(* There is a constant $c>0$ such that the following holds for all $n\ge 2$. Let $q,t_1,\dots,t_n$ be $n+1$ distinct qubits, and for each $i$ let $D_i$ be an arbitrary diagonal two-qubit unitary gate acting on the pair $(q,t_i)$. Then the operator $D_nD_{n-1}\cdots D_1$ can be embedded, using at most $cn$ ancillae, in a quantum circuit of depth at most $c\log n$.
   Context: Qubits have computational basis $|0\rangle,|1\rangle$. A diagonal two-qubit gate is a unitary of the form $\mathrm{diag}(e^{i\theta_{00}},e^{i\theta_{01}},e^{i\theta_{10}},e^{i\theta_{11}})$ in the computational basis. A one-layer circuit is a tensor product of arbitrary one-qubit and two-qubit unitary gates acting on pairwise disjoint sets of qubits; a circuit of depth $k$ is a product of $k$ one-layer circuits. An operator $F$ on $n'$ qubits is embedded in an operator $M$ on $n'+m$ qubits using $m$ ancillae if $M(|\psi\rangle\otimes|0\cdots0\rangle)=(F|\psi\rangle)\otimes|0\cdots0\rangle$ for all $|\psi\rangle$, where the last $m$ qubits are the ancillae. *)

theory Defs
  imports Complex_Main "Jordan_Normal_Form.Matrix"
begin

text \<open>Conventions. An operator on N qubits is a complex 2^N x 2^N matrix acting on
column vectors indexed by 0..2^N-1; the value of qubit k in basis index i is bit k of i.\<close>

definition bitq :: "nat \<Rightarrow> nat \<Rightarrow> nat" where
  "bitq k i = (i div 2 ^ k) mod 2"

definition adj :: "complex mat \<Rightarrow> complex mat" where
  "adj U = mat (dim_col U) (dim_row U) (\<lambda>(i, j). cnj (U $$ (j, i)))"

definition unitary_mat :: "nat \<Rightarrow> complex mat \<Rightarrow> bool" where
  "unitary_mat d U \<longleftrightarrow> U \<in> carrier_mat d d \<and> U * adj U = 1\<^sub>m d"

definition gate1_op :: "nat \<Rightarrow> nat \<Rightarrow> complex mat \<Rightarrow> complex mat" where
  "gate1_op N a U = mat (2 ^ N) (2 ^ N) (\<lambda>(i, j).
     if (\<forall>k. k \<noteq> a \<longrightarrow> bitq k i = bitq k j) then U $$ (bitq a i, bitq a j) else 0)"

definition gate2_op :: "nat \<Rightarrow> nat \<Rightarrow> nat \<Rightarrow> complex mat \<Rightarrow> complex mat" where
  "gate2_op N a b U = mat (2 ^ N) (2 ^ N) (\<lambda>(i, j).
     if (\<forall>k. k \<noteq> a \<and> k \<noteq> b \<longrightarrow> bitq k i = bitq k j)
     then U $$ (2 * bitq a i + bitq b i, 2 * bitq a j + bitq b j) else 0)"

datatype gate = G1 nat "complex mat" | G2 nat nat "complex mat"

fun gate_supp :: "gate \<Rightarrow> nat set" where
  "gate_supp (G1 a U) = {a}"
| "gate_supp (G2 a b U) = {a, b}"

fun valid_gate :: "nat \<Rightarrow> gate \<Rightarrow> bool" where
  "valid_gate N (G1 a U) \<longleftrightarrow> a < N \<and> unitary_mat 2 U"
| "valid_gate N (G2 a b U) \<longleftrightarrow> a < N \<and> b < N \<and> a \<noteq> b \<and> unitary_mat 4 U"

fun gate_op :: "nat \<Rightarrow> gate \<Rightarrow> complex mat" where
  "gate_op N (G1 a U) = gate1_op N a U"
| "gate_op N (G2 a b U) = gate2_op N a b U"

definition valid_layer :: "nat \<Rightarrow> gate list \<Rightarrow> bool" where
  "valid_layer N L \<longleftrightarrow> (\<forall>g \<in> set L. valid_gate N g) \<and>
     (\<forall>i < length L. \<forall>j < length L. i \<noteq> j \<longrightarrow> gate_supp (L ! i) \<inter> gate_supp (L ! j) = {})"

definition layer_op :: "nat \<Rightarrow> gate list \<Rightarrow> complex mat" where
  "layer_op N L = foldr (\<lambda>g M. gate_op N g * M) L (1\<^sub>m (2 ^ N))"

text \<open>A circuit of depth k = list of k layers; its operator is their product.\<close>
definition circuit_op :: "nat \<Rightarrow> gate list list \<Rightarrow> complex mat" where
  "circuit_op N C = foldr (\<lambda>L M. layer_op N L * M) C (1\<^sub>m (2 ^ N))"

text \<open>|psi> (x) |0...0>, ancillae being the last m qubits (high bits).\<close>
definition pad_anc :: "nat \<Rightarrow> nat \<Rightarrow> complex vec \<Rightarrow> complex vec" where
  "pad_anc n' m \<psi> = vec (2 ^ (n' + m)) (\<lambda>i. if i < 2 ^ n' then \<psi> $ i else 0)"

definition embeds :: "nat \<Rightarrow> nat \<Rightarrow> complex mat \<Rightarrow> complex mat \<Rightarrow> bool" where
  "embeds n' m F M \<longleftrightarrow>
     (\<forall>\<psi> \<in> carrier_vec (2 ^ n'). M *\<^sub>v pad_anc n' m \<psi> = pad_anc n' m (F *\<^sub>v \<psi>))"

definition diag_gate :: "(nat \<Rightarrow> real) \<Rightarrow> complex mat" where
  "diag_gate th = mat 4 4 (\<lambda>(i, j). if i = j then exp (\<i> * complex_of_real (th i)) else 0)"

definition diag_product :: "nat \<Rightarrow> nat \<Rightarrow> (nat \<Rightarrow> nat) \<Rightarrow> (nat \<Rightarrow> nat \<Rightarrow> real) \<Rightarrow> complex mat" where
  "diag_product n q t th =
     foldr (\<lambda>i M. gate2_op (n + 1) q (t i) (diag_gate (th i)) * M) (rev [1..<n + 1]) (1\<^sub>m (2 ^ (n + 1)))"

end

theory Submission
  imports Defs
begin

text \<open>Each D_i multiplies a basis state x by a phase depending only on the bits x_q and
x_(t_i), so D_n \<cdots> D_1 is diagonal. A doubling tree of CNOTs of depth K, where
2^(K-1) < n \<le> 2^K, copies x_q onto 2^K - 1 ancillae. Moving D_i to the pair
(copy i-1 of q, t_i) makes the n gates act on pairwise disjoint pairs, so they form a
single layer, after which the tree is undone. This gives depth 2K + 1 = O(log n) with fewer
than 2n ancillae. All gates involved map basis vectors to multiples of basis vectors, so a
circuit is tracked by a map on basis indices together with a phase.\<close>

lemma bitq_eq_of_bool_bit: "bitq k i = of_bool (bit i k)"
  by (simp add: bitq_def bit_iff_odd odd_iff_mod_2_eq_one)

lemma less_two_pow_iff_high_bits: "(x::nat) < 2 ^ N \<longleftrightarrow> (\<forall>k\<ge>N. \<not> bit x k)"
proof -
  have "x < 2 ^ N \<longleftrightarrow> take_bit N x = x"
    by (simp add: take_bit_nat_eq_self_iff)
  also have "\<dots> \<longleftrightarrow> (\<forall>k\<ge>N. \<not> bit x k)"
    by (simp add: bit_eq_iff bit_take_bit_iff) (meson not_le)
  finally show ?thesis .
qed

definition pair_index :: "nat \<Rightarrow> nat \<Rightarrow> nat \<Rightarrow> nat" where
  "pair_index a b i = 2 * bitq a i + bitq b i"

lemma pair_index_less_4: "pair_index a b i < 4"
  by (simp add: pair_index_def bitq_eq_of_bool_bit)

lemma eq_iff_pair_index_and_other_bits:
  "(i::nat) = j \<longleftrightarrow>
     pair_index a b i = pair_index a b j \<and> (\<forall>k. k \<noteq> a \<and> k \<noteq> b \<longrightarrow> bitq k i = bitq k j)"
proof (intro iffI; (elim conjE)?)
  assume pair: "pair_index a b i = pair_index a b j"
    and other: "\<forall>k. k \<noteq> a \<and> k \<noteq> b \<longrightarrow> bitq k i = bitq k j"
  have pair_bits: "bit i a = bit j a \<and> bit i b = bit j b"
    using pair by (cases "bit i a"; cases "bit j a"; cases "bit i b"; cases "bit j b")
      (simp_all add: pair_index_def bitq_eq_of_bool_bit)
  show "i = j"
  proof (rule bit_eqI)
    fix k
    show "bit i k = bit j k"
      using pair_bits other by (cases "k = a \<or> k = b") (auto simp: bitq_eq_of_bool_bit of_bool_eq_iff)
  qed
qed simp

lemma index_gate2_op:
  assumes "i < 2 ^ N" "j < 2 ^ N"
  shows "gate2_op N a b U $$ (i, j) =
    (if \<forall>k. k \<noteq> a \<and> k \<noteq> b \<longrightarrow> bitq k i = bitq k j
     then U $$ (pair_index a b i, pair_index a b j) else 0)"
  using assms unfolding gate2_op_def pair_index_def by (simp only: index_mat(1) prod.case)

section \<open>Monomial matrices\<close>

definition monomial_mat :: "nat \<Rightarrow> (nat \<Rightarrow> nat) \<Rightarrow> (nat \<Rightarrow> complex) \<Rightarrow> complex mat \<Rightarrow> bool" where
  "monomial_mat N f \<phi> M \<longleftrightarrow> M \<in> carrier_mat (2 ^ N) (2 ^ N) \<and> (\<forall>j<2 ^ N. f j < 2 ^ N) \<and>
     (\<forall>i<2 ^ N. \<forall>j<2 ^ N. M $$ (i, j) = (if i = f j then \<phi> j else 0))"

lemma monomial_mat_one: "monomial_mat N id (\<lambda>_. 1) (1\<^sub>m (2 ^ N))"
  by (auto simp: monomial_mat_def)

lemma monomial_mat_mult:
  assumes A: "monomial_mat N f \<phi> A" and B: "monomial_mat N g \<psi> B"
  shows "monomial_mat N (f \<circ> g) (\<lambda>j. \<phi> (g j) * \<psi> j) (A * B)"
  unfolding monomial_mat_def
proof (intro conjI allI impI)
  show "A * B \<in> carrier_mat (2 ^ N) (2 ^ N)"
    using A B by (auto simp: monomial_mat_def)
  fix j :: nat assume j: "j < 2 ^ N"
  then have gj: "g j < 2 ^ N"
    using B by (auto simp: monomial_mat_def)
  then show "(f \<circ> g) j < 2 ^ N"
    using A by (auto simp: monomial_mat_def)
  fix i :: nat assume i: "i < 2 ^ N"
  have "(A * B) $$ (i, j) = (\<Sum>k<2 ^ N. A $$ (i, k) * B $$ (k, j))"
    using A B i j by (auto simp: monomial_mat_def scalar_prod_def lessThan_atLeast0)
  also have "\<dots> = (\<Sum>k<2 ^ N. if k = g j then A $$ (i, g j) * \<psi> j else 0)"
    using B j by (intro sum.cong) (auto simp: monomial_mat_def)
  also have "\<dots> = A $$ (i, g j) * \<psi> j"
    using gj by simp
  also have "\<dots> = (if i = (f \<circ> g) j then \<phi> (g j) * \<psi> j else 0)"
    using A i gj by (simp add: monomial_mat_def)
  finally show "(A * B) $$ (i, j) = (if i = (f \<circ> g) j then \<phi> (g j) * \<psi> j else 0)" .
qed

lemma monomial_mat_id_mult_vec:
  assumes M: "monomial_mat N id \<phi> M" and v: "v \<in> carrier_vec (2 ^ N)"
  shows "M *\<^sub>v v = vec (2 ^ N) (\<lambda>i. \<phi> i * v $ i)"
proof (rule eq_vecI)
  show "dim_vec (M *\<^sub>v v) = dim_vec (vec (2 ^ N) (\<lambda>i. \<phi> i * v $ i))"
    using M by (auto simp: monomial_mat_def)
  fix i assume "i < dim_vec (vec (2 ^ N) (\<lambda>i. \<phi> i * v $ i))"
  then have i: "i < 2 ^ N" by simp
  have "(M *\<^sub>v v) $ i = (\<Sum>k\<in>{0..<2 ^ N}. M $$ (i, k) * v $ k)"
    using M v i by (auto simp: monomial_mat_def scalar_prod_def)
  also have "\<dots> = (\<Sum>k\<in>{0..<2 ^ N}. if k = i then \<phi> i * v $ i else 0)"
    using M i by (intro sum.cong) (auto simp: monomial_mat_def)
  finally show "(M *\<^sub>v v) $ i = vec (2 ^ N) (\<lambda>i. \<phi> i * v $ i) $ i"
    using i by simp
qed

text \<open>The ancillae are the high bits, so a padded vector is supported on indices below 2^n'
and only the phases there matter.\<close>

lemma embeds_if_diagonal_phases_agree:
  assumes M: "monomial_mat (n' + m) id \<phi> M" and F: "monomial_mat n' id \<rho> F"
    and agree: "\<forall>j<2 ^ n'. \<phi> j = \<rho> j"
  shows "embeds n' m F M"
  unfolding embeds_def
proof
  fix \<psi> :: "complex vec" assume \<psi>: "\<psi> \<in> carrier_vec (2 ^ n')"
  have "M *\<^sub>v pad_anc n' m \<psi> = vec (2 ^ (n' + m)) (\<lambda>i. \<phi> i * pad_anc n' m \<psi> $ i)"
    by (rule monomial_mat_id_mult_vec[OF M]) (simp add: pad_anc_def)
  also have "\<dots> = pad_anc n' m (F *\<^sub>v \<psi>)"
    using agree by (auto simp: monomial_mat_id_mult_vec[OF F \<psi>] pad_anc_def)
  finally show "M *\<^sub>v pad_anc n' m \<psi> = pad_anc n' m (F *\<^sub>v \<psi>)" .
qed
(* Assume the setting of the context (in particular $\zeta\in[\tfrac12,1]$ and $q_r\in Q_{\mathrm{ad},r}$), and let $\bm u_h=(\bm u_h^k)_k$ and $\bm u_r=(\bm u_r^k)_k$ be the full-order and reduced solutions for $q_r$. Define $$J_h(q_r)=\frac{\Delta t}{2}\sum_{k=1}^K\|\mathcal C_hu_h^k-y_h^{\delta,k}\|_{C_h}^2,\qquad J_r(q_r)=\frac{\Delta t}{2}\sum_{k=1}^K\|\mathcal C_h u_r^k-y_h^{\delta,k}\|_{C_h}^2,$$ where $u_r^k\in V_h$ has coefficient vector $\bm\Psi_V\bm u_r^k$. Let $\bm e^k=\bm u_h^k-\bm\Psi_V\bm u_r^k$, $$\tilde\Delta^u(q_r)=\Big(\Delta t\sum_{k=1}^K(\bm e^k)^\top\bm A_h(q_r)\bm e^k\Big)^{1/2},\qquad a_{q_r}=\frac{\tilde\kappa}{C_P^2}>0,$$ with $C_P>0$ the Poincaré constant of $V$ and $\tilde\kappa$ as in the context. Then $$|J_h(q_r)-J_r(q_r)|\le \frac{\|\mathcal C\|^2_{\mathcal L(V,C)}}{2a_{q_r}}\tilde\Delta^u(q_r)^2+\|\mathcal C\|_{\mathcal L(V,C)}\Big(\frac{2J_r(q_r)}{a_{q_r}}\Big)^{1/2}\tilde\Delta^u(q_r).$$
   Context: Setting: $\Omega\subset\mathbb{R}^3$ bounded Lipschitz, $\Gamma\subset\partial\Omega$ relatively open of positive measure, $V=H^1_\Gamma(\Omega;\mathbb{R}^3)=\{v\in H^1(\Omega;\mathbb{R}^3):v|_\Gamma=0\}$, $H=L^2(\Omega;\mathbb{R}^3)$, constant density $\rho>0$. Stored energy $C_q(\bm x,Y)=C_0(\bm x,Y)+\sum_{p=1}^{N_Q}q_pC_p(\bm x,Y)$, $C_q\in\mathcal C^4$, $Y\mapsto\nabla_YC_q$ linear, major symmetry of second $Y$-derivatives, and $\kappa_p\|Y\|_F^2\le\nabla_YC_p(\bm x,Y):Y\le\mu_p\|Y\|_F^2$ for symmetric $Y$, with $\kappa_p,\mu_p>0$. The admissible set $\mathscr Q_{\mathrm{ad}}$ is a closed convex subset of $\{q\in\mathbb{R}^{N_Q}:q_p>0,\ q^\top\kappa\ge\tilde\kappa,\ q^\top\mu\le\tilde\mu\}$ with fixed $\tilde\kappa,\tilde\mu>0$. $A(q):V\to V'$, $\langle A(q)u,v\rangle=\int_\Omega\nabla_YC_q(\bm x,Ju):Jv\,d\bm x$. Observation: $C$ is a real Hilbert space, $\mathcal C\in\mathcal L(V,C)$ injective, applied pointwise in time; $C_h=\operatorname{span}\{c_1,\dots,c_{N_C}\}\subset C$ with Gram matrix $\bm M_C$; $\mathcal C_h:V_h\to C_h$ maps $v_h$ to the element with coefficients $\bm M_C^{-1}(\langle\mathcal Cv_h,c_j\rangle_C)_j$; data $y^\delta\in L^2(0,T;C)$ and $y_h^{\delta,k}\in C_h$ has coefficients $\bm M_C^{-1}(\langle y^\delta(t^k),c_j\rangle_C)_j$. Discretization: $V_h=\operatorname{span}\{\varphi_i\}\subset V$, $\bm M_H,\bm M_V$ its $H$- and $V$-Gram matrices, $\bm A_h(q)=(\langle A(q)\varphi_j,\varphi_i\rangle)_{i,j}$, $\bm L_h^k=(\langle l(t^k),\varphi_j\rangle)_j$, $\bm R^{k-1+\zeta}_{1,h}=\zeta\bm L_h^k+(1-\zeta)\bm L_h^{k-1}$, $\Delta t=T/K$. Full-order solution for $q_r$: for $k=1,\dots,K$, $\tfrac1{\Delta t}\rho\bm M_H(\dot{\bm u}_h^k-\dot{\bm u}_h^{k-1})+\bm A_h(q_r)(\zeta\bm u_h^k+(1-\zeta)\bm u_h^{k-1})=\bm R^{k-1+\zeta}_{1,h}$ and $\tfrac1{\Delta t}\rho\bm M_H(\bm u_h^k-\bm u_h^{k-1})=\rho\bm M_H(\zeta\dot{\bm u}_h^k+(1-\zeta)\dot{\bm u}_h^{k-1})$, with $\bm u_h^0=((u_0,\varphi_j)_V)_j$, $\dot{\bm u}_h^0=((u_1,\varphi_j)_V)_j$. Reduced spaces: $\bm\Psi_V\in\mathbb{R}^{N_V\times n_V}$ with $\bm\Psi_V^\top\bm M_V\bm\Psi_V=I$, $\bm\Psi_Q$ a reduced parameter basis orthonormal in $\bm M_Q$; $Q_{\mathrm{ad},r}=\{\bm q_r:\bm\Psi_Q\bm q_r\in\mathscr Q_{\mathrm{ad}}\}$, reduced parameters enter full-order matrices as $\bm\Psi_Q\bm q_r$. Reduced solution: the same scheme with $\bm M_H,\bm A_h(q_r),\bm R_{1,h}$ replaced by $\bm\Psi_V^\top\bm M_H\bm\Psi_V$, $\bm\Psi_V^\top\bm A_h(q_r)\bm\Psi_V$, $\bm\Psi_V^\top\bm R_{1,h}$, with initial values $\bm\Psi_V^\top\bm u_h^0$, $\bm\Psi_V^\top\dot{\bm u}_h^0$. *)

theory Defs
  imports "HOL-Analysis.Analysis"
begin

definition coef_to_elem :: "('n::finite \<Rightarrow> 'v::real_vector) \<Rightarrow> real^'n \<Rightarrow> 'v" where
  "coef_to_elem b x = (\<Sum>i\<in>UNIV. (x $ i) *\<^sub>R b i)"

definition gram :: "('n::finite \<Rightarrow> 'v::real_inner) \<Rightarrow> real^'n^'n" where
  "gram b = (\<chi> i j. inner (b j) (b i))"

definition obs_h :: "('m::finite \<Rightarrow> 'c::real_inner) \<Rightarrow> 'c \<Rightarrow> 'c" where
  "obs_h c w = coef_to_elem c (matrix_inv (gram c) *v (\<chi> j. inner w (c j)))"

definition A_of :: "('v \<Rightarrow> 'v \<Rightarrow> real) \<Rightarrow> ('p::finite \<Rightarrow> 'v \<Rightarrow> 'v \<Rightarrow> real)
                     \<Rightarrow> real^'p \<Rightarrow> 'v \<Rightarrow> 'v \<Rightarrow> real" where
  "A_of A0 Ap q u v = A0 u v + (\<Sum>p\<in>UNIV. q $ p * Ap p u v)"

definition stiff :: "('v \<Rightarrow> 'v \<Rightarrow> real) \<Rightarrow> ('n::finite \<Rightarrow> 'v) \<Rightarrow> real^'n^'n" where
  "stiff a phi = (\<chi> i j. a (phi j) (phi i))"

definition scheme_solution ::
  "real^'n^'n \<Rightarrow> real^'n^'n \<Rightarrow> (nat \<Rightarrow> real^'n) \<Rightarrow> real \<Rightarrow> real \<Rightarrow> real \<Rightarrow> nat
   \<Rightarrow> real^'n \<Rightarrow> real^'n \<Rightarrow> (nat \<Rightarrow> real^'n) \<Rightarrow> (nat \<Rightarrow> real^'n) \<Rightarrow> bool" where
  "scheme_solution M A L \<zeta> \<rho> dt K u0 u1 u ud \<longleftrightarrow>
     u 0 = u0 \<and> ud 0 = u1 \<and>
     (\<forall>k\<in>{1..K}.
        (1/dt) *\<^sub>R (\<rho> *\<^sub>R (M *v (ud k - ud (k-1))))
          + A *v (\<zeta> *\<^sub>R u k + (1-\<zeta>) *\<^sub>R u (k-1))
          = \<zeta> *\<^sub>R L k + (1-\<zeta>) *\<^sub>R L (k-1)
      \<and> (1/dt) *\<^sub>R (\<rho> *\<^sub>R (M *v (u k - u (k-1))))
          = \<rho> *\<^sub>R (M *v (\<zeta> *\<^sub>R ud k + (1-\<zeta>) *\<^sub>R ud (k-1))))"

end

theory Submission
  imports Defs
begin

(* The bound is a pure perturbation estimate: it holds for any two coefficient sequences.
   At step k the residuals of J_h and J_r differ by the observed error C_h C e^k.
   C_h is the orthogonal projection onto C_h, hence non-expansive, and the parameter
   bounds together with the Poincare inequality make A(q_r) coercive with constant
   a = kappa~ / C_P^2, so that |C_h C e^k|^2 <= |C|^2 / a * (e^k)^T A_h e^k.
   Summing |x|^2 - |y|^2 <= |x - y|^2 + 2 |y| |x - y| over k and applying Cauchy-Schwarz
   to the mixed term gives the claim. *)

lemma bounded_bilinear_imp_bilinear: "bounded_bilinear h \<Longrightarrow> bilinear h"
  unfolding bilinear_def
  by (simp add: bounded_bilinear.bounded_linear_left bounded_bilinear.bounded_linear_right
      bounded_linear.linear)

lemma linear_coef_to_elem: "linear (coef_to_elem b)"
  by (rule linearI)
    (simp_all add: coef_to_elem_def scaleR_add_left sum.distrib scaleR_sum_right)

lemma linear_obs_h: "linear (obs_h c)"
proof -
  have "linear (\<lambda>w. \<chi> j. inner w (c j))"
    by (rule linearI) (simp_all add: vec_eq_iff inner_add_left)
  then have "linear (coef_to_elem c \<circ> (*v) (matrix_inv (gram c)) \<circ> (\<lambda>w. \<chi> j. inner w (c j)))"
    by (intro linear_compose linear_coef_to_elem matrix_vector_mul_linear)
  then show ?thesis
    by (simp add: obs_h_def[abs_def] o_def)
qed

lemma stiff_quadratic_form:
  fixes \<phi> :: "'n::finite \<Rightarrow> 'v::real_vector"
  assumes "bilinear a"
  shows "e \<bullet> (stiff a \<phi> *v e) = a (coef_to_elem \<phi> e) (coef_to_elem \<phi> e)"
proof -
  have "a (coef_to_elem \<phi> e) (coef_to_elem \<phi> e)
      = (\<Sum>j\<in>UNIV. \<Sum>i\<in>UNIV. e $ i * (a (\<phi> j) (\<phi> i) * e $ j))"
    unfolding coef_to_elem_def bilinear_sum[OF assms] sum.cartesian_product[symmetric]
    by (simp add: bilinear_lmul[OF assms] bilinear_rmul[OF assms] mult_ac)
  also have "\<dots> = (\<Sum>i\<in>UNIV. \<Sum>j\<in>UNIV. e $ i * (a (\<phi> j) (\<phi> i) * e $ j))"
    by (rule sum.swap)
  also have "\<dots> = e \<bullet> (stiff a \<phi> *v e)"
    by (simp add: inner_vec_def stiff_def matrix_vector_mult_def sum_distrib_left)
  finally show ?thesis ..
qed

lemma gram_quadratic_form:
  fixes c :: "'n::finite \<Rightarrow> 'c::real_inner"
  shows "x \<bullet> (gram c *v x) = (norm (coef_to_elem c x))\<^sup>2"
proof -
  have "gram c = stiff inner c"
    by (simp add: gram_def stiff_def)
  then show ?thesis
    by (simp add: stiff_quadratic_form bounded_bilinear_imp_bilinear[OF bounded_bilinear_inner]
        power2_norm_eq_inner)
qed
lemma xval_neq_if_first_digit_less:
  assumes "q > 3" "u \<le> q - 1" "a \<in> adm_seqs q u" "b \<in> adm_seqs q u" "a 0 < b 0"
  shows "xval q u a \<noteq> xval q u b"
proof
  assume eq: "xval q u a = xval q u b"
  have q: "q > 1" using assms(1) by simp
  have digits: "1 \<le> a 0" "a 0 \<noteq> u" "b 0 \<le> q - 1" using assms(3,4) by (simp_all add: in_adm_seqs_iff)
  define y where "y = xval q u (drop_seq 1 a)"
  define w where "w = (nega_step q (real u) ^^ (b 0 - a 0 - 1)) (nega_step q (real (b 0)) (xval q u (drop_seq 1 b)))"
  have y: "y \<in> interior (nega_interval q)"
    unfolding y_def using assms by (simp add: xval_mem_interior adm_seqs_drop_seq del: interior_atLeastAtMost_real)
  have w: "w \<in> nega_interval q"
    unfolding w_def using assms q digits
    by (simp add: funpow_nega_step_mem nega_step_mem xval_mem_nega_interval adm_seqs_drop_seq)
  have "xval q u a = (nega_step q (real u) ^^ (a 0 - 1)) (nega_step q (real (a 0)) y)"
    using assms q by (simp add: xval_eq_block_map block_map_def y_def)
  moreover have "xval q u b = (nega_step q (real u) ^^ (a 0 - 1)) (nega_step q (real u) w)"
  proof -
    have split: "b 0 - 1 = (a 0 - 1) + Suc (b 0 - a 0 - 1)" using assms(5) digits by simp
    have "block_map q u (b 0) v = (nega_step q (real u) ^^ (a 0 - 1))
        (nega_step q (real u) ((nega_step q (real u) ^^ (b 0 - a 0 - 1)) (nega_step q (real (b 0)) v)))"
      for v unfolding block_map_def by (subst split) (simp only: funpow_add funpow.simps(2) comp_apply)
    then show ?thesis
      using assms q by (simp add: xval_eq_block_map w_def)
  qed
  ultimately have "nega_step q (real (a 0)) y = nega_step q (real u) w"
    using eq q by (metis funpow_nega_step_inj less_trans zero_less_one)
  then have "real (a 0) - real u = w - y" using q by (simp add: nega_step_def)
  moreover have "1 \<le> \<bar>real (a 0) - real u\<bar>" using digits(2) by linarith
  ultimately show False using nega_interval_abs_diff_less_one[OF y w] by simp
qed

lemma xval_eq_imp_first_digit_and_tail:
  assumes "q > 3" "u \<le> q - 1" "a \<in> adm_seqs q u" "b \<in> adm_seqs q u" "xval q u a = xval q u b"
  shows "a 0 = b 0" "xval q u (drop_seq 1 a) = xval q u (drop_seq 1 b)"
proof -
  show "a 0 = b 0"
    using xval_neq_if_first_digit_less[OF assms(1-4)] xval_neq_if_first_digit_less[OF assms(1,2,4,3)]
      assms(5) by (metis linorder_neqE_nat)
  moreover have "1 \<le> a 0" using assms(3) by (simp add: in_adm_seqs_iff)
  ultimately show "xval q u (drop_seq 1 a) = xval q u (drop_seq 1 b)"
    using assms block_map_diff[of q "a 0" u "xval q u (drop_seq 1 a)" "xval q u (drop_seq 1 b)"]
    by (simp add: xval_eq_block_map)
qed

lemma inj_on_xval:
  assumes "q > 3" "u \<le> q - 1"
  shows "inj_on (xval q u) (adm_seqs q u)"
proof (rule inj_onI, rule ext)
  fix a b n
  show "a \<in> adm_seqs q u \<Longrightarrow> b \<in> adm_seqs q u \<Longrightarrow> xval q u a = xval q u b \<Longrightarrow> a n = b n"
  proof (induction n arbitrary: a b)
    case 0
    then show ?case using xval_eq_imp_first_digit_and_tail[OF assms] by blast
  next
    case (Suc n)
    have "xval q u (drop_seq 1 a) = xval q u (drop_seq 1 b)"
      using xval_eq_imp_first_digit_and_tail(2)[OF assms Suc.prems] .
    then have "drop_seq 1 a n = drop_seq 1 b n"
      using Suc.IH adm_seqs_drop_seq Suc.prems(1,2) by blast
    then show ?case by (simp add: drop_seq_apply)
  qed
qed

About this task: An exact copy of the lines above between the line holding "a \<and> bit" and the line holding "i k = bit j", inclusive, is the whole answer.

Reply:
  have pair_bits: "bit i a = bit j a \<and> bit i b = bit j b"
    using pair by (cases "bit i a"; cases "bit j a"; cases "bit i b"; cases "bit j b")
      (simp_all add: pair_index_def bitq_eq_of_bool_bit)
  show "i = j"
  proof (rule bit_eqI)
    fix k
    show "bit i k = bit j k"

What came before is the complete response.